_EXERCISE_: In the entries that follow, the lines from the one with "3 \<Longrightarrow> \<exists>a" through the one with "z \<eta> \<Longrightarrow>" are the ones to write out, exactly and with both ends included. Nothing else should appear.
*** DATA FOR THE TASK
lemma CE_d_eq_sum_list:
  "CE_d B \<eta> us = (\<Sum>i\<leftarrow>[0..<length us]. \<Sum>j\<leftarrow>[Suc i..<length us].
      (-1) ^ (i + j) * of_int (B (us ! i) (us ! j)) * \<eta> ((us ! i + us ! j) # del2 us i j))"
  unfolding CE_d_def atLeast_upt greaterThanLessThan_upt
  by (simp only: sum.distinct_set_conv_list distinct_upt)

lemma CE_d_triple:
  "CE_d B \<eta> [a, b, c] = - of_int (B a b) * \<eta> [a + b, c] + of_int (B a c) * \<eta> [a + c, b]
     - of_int (B b c) * \<eta> [b + c, a]"
  by (simp add: CE_d_eq_sum_list del2_def eval_nat_numeral upt_rec)

lemma CE_d_quadruple:
  "CE_d B \<eta> [a, b, c, d] = - of_int (B a b) * \<eta> [a + b, c, d] + of_int (B a c) * \<eta> [a + c, b, d]
     - of_int (B a d) * \<eta> [a + d, b, c] - of_int (B b c) * \<eta> [b + c, a, d]
     + of_int (B b d) * \<eta> [b + d, a, c] - of_int (B c d) * \<eta> [c + d, a, b]"
  by (simp add: CE_d_eq_sum_list del2_def eval_nat_numeral upt_rec)

lemma length_2_cases: "length us = 2 \<Longrightarrow> \<exists>a b. us = [a, b]"
  and length_3_cases: "length us = 3 \<Longrightarrow> \<exists>a b c. us = [a, b, c]"
  and length_4_cases: "length us = 4 \<Longrightarrow> \<exists>a b c d. us = [a, b, c, d]"
  by (auto simp: numeral_eq_Suc length_Suc_conv)

lemma graded_cochain_subset:
  "graded_cochain S p z \<eta> \<Longrightarrow> T \<subseteq> S \<Longrightarrow> graded_cochain T p z \<eta>"
  unfolding graded_cochain_def cochain_on_def by blast

lemma is_cocycle_subset: "is_cocycle B S p \<eta> \<Longrightarrow> T \<subseteq> S \<Longrightarrow> is_cocycle B T p \<eta>"
  unfolding is_cocycle_def by blast

lemma graded_cochain_2_swap:
  assumes "graded_cochain S 2 z \<eta>" "a \<in> S" "b \<in> S"
  shows "\<eta> [b, a] = - \<eta> [a, b]"
proof -
  have "\<eta> (list_swap [a, b] 0 1) = - \<eta> [a, b]"
    using assms unfolding graded_cochain_def cochain_on_def by simp
  then show ?thesis
    by (simp add: list_swap_def)
qed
******
_TASK RESULT_:
  and length_3_cases: "length us = 3 \<Longrightarrow> \<exists>a b c. us = [a, b, c]"
  and length_4_cases: "length us = 4 \<Longrightarrow> \<exists>a b c d. us = [a, b, c, d]"
  by (auto simp: numeral_eq_Suc length_Suc_conv)

lemma graded_cochain_subset:
  "graded_cochain S p z \<eta> \<Longrightarrow> T \<subseteq> S \<Longrightarrow> graded_cochain T p z \<eta>"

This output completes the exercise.